The median volume recovered from the TA was 0.75 ml (IQR: 0.6, 1.75 ml) while the median EBC volume recovered after 30 minutes of sampling was 2.2 ml (IQR: 1.5, 2.5 ml). GSH, GSSG and total GSH were detected by HPLC in all samples (100%) in the nM range. The urea dilution factors, raw concentrations, and urea-corrected concentrations are presented in Table 2.
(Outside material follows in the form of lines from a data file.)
lemma borel_measurable_weighted_delta:
  fixes T R :: "nat \<Rightarrow> 'a \<Rightarrow> real"
  assumes "finite C" "finite U" "C \<inter> U = {}" "j \<in> U" "k \<in> C"
    and "1 \<le> \<kappa>" "\<kappa> \<le> card U - 1" "0 < \<alpha>" "\<alpha> < 1"
    and T: "\<And>i. i \<in> C \<union> U \<Longrightarrow> T i \<in> borel_measurable N"
    and R: "\<And>i. i \<in> C \<union> U \<Longrightarrow> R i \<in> borel_measurable N"
  shows "(\<lambda>x. weighted_delta \<alpha> C U \<kappa> j k (\<lambda>i. T i x) (\<lambda>i. R i x)) \<in> borel_measurable N"
proof -
  define t where "t x = kth_smallest \<kappa> (image_mset (\<lambda>i. T i x) (mset_set (U - {j})))" for x
  have [measurable]: "t \<in> borel_measurable N"
    unfolding t_def using assms by (intro borel_measurable_kth_smallest) auto
  have [measurable]: "T j \<in> borel_measurable N" "T k \<in> borel_measurable N"
    "R j \<in> borel_measurable N" "R k \<in> borel_measurable N"
    using assms by auto
  define Q where "Q S x = kth_smallest (nat \<lceil>(1 - \<alpha>) * (real (card S) + 1)\<rceil>)
      (image_mset (\<lambda>i. R i x) (mset_set (S \<union> {j})))" for S x
  define G where "G S x = ((if R j x > Q S x then 1 else 0) - (if R k x > Q S x then 1 else 0))
      / (real (card S) + 1) * (if T j x \<le> t x \<and> T k x \<le> t x then 1 else 0 :: real)" for S x
  \<comment> \<open>The selected set ranges over the finite Pow C, so it suffices to fix it.\<close>
  have G: "G S \<in> borel_measurable N" if "S \<in> Pow C" for S
  proof -
    have "finite S" "j \<notin> S"
      using that assms by (auto intro: finite_subset)
    then have "card (S \<union> {j}) = card S + 1"
      by simp
    then have [measurable]: "Q S \<in> borel_measurable N"
      unfolding Q_def using that assms conformal_rank_bounds[of \<alpha> "card S"]
      by (intro borel_measurable_kth_smallest) auto
    show ?thesis
      unfolding G_def by measurable
  qed
  have sel: "(\<lambda>x. sel_cal C (\<lambda>i. T i x) (t x)) \<in> measurable N (count_space (Pow C))"
    using assms by (intro measurable_sel_cal) auto
  have "(\<lambda>x. G (sel_cal C (\<lambda>i. T i x) (t x)) x) \<in> borel_measurable N"
    using measurable_compose_countable'[OF G sel] assms(1) by (simp add: countable_finite)
  then show ?thesis
    unfolding weighted_delta_def delta_jk_def Qthr_def Let_def G_def Q_def t_def by simp
qed

lemma borel_measurable_weighted_delta_residuals:
  fixes g muhat :: "'x::second_countable_topology \<Rightarrow> real"
  assumes "g \<in> borel_measurable borel" "muhat \<in> borel_measurable borel"
    and "finite C" "finite U" "C \<inter> U = {}" "j \<in> U" "k \<in> C"
    and "1 \<le> \<kappa>" "\<kappa> \<le> card U - 1" "0 < \<alpha>" "\<alpha> < 1"
  shows "(\<lambda>x. weighted_delta \<alpha> C U \<kappa> j k (\<lambda>i. g (fst (x i)))
      (\<lambda>i. \<bar>snd (x i) - muhat (fst (x i))\<bar>)) \<in> borel_measurable (\<Pi>\<^sub>M i\<in>C \<union> U. borel)"
proof (rule borel_measurable_weighted_delta)
  let ?PB = "\<Pi>\<^sub>M i\<in>C \<union> U. (borel :: ('x \<times> real) measure)"
  fix i assume "i \<in> C \<union> U"
  then have coord: "(\<lambda>x. x i) \<in> measurable ?PB (borel \<Otimes>\<^sub>M borel)"
    unfolding borel_prod by (rule measurable_component_singleton)
  have fst: "(\<lambda>x. fst (x i)) \<in> borel_measurable ?PB"
    by (rule measurable_compose[OF coord measurable_fst])
  have snd: "(\<lambda>x. snd (x i)) \<in> borel_measurable ?PB"
    by (rule measurable_compose[OF coord measurable_snd])
  show "(\<lambda>x. g (fst (x i))) \<in> borel_measurable ?PB"
    using fst assms(1) by (rule measurable_compose)
  show "(\<lambda>x. \<bar>snd (x i) - muhat (fst (x i))\<bar>) \<in> borel_measurable ?PB"
    using snd measurable_compose[OF fst assms(2)] by measurable
qed (use assms in auto)

lemma integral_eq_0_if_antisymmetric:
  fixes G :: "'a \<Rightarrow> real"
  assumes \<sigma>: "\<sigma> \<in> measurable P P" "distr P P \<sigma> = P"
    and G: "G \<in> borel_measurable P" "\<And>x. x \<in> space P \<Longrightarrow> G (\<sigma> x) = - G x"
  shows "integral\<^sup>L P G = 0"
proof -
  have "integral\<^sup>L P G = integral\<^sup>L (distr P P \<sigma>) G"
    by (simp add: \<sigma>)
  also have "\<dots> = (\<integral>x. G (\<sigma> x) \<partial>P)"
    by (rule integral_distr[OF \<sigma>(1) G(1)])
  also have "\<dots> = (\<integral>x. - G x \<partial>P)"
    by (rule Bochner_Integration.integral_cong) (simp_all add: G(2))
  finally show ?thesis
    by simp
qed

lemma space_gen_sigma [simp]: "space (gen_sigma M Z V) = space M"
  unfolding gen_sigma_def by (rule space_measure_of) auto

lemma sets_gen_sigma: "sets (gen_sigma M Z V) = sigma_sets (space M)
    (\<Union>i\<in>V. {Z i -` A \<inter> space M | A. A \<in> sets borel})"
  unfolding gen_sigma_def by (rule sets_measure_of) auto

lemma subalgebra_gen_sigma:
  assumes "\<And>i. i \<in> V \<Longrightarrow> Z i \<in> borel_measurable M"
  shows "subalgebra M (gen_sigma M Z V)"
  unfolding subalgebra_def sets_gen_sigma
  using assms by (auto intro!: sets.sigma_sets_subset)

lemma sets_gen_sigma_subset_vimage_algebra:
  "sets (gen_sigma M Z V)
    \<subseteq> sets (vimage_algebra (space M) (\<lambda>\<omega>. \<lambda>i\<in>V. Z i \<omega>) (\<Pi>\<^sub>M i\<in>V. borel))"
  unfolding sets_gen_sigma
proof (intro sigma_algebra.sigma_sets_subset[of "space M", simplified] subsetI)
  show "sigma_algebra (space M)
      (sets (vimage_algebra (space M) (\<lambda>\<omega>. \<lambda>i\<in>V. Z i \<omega>) (\<Pi>\<^sub>M i\<in>V. borel)))"
    by (metis sets.sigma_algebra_axioms space_vimage_algebra)
next
  fix E assume "E \<in> (\<Union>i\<in>V. {Z i -` A \<inter> space M | A. A \<in> sets borel})"
  then obtain i A where "i \<in> V" "A \<in> sets borel" and E: "E = Z i -` A \<inter> space M"
    by auto
  then have S: "{x \<in> space (\<Pi>\<^sub>M i\<in>V. borel). x i \<in> A} \<in> sets (\<Pi>\<^sub>M i\<in>V. borel)"
    by measurable
  have E': "E = (\<lambda>\<omega>. \<lambda>i\<in>V. Z i \<omega>) -` {x \<in> space (\<Pi>\<^sub>M i\<in>V. borel). x i \<in> A} \<inter> space M"
    using \<open>i \<in> V\<close> unfolding E by (auto simp: space_PiM)
  show "E \<in> sets (vimage_algebra (space M) (\<lambda>\<omega>. \<lambda>i\<in>V. Z i \<omega>) (\<Pi>\<^sub>M i\<in>V. borel))"
    unfolding E' by (rule in_vimage_algebra[OF S])
qed

lemma gen_sigma_eventE:
  assumes "A \<in> sets (gen_sigma M Z V)"
  obtains B where "B \<in> sets (\<Pi>\<^sub>M i\<in>V. borel)" "A = (\<lambda>\<omega>. \<lambda>i\<in>V. Z i \<omega>) -` B \<inter> space M"
proof -
  have "(\<lambda>\<omega>. \<lambda>i\<in>V. Z i \<omega>) \<in> space M \<rightarrow> space (\<Pi>\<^sub>M i\<in>V. borel)"
    by (auto simp: space_PiM)
  moreover have "A \<in> sets (vimage_algebra (space M) (\<lambda>\<omega>. \<lambda>i\<in>V. Z i \<omega>) (\<Pi>\<^sub>M i\<in>V. borel))"
    using sets_gen_sigma_subset_vimage_algebra assms by blast
  ultimately obtain B where "B \<in> sets (\<Pi>\<^sub>M i\<in>V. borel)"
      "A = (\<lambda>\<omega>. \<lambda>i\<in>V. Z i \<omega>) -` B \<inter> space M"
    by (auto simp: sets_vimage_algebra2)
  then show ?thesis
    by (rule that)
qed

lemma distr_PiM_permute:
  assumes "prob_space N" "bij_betw \<tau> I I"
  shows "(\<lambda>x. \<lambda>i\<in>I. x (\<tau> i)) \<in> measurable (\<Pi>\<^sub>M i\<in>I. N) (\<Pi>\<^sub>M i\<in>I. N)"
    and "distr (\<Pi>\<^sub>M i\<in>I. N) (\<Pi>\<^sub>M i\<in>I. N) (\<lambda>x. \<lambda>i\<in>I. x (\<tau> i)) = (\<Pi>\<^sub>M i\<in>I. N)"
proof -
  show "(\<lambda>x. \<lambda>i\<in>I. x (\<tau> i)) \<in> measurable (\<Pi>\<^sub>M i\<in>I. N) (\<Pi>\<^sub>M i\<in>I. N)"
    using assms(2) by (intro measurable_restrict measurable_component_singleton)
      (auto simp: bij_betw_def)
  show "distr (\<Pi>\<^sub>M i\<in>I. N) (\<Pi>\<^sub>M i\<in>I. N) (\<lambda>x. \<lambda>i\<in>I. x (\<tau> i)) = (\<Pi>\<^sub>M i\<in>I. N)"
    using distr_PiM_reindex[of I "\<lambda>_. N" \<tau> I] assms by (auto simp: bij_betw_def)
qed

lemma (in prob_space) distr_iid_eq_PiM:
  fixes Z :: "'i \<Rightarrow> 'a \<Rightarrow> 'b::topological_space"
  assumes "i\<^sub>0 \<in> I" "\<And>i. i \<in> I \<Longrightarrow> Z i \<in> borel_measurable M"
    and "indep_vars (\<lambda>_. borel) Z I"
    and "\<And>i. i \<in> I \<Longrightarrow> distr M borel (Z i) = distr M borel (Z i\<^sub>0)"
  shows "distr M (\<Pi>\<^sub>M i\<in>I. borel) (\<lambda>\<omega>. \<lambda>i\<in>I. Z i \<omega>) = (\<Pi>\<^sub>M i\<in>I. distr M borel (Z i\<^sub>0))"
proof -
  have "distr M (\<Pi>\<^sub>M i\<in>I. borel) (\<lambda>\<omega>. \<lambda>i\<in>I. Z i \<omega>) = (\<Pi>\<^sub>M i\<in>I. distr M borel (Z i))"
    using assms by (subst indep_vars_iff_distr_eq_PiM'[symmetric]) auto
  also have "\<dots> = (\<Pi>\<^sub>M i\<in>I. distr M borel (Z i\<^sub>0))"
    using assms(4) by (rule PiM_cong[OF refl])
  finally show ?thesis .
qed

text \<open>Relabelling i.i.d. coordinates by a permutation fixing the conditioning indices V preserves
  the joint law and every conditioning event, so an integrand that changes sign under the
  relabelling integrates to 0 over each such event.\<close>
lemma (in prob_space) AE_real_cond_exp_eq_0_if_antisymmetric:
  fixes Z :: "nat \<Rightarrow> 'a \<Rightarrow> 'b::topological_space" and h :: "(nat \<Rightarrow> 'b) \<Rightarrow> real"
  assumes V: "V \<subseteq> I" and i\<^sub>0: "i\<^sub>0 \<in> I"
    and Z: "\<And>i. i \<in> I \<Longrightarrow> Z i \<in> borel_measurable M"
    and indep: "indep_vars (\<lambda>_. borel) Z I"
    and ident: "\<And>i. i \<in> I \<Longrightarrow> distr M borel (Z i) = distr M borel (Z i\<^sub>0)"
    and \<tau>: "bij_betw \<tau> I I" "\<And>i. i \<in> V \<Longrightarrow> \<tau> i = i"
    and h: "h \<in> borel_measurable (\<Pi>\<^sub>M i\<in>I. borel)" "\<And>x. \<bar>h x\<bar> \<le> c"
    and h_odd: "\<And>x. x \<in> space (\<Pi>\<^sub>M i\<in>I. borel) \<Longrightarrow> h (\<lambda>i\<in>I. x (\<tau> i)) = - h x"
  shows "AE \<omega> in M. real_cond_exp M (gen_sigma M Z V) (\<lambda>\<omega>. h (\<lambda>i\<in>I. Z i \<omega>)) \<omega> = 0"
proof -
  define PB where "PB = (\<Pi>\<^sub>M i\<in>I. (borel :: 'b measure))"
  define P where "P = (\<Pi>\<^sub>M i\<in>I. distr M borel (Z i\<^sub>0))"
  define Zv where "Zv \<omega> = (\<lambda>i\<in>I. Z i \<omega>)" for \<omega>
  define \<sigma> where "\<sigma> x = (\<lambda>i\<in>I. x (\<tau> i))" for x :: "nat \<Rightarrow> 'b"
  have sets_P: "sets P = sets PB"
    unfolding P_def PB_def by (rule sets_PiM_cong) auto
  have Zv: "Zv \<in> measurable M PB"
    unfolding Zv_def PB_def using Z by (rule measurable_restrict)
  have law: "distr M PB Zv = P"
    unfolding PB_def Zv_def P_def using i\<^sub>0 Z indep ident by (rule distr_iid_eq_PiM)
  have "prob_space (distr M borel (Z i\<^sub>0))"
    using i\<^sub>0 Z by (intro prob_space_distr) auto
  then have \<sigma>: "\<sigma> \<in> measurable P P" "distr P P \<sigma> = P"
    unfolding P_def \<sigma>_def using \<tau>(1) by (rule distr_PiM_permute)+
  interpret F: finite_measure_subalgebra M "gen_sigma M Z V"
    using subalgebra_gen_sigma[of V Z M] V Z finite_measure_axioms
    by unfold_locales (auto simp: subalgebra_def)
  have "(\<integral>\<omega>\<in>A. h (Zv \<omega>) \<partial>M) = 0" if A_in: "A \<in> sets (gen_sigma M Z V)" for A
  proof -
    obtain B where B: "B \<in> sets (\<Pi>\<^sub>M i\<in>V. borel)"
      and A: "A = (\<lambda>\<omega>. \<lambda>i\<in>V. Z i \<omega>) -` B \<inter> space M"
      using A_in by (rule gen_sigma_eventE)
    define G where "G x = indicator {x \<in> space PB. restrict x V \<in> B} x * h x" for x
    have G: "G \<in> borel_measurable PB"
      unfolding G_def PB_def using B h(1) measurable_restrict_subset[OF V] by measurable
    have "(\<integral>\<omega>\<in>A. h (Zv \<omega>) \<partial>M) = (\<integral>\<omega>. G (Zv \<omega>) \<partial>M)"
      unfolding set_lebesgue_integral_def G_def A
      using measurable_space[OF Zv] Int_absorb1[OF V]
      by (intro Bochner_Integration.integral_cong) (auto simp: Zv_def indicator_def)
    also have "\<dots> = integral\<^sup>L P G"
      using integral_distr[OF Zv G] law by simp
    also have "\<dots> = 0"
    proof (rule integral_eq_0_if_antisymmetric[OF \<sigma>])
      show "G \<in> borel_measurable P"
        using G by (simp add: measurable_cong_sets[OF sets_P])
      fix x assume "x \<in> space P"
      then have "x \<in> space PB" "\<sigma> x \<in> space PB"
        using sets_eq_imp_space_eq[OF sets_P] measurable_space[OF \<sigma>(1)] by auto
      moreover have "restrict (\<sigma> x) V = restrict x V"
        using V \<tau>(2) by (auto simp: \<sigma>_def fun_eq_iff)
      ultimately show "G (\<sigma> x) = - G x"
        using h_odd unfolding G_def \<sigma>_def PB_def by (simp add: indicator_def)
    qed
    finally show ?thesis .
  qed
  moreover have "integrable M (\<lambda>\<omega>. h (Zv \<omega>))"
    using h measurable_compose[OF Zv] unfolding PB_def
    by (intro integrable_const_bound[of _ c]) auto
  ultimately have "AE \<omega> in M. real_cond_exp M (gen_sigma M Z V) (\<lambda>\<omega>. h (Zv \<omega>)) \<omega> = 0"
    by (intro F.real_cond_exp_charact) auto
  then show ?thesis
    unfolding Zv_def .
qed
We postulated that rGSH and GSSG values measured in the TA would correlate with those measured via a non-invasive EBC. As seen in Figure 2, urea-corrected rGSH in the TA demonstrated a moderate positive correlation with urea-corrected rGSH in the EBC. Similarly, concentrations of TA rGSH not normalized to urea moderately correlated with EBC rGSH concentrations not normalized to urea (r = 0.574, p = 0.002, 95% CI: (0.230-0.782), R² = 0.329). Interestingly, the duration of mechanical ventilation demonstrated a moderate negative correlation with urea-corrected rGSH in the EBC (r = - 0.574, p = 0.003, 95% CI: (-0.779 – (-0.209), R² = 0.329) but did not correlate with urea-corrected rGSH in the TA (p = NS). Figure 3 demonstrates a strong positive correlation between urea-corrected GSSG in the TA and urea-corrected GSSG in the EBC. A similarly strong positive correlation existed between TA GSSG concentrations not normalized by urea and EBC GSSG concentrations not normalized to urea (r = 0.708, p < 0.001, 95% CI: (0.431 – 0.856), R² = 0.501). Although the fraction of oxidized GSH (i.e. the % GSSG) was approximately two times higher in the EBC than in the TA (EBC: 44.8 ± 4.6% vs TA: 21.8 ± 3%, p < 0.001), there was no significant correlation between the TA % GSSG and the EBC % GSSG (p = NS). When total GSH was compared between the two sampling sites, a moderate positive correlation was demonstrated in both urea-corrected values (Figure 4) and in non-urea normalized values (r = 0.649, p < 0.001, 95% CI: (0.338 – 0.824), R² = 0.421).

Since we hypothesized that the GSH in the TA or EBC sample may be reflective of cellular GSH in the isolated AM, we evaluated the correlation of total GSH measured in TA and EBC with AM GSH staining determined via immunofluorescence. Fluorescent staining for protein-GSH adducts in the AM demonstrated a moderate positive correlation with the urea-corrected concentration of total GSH in the TA and the EBC (Figure 5A and B). Furthermore, AM demonstrated a moderate positive correlation with urea-corrected concentrations of GSSG in the TA (Figure 6A) and in the EBC (Figure 6B). While we did not observe a correlation between AM GSH and urea-corrected concentrations of rGSH in the TA (p = NS), a moderate positive correlation was found with urea-corrected concentrations of rGSH in the EBC (r = 0.571, p = 0.004, 95% CI: (0.195 – 0.791), R² = 0.326).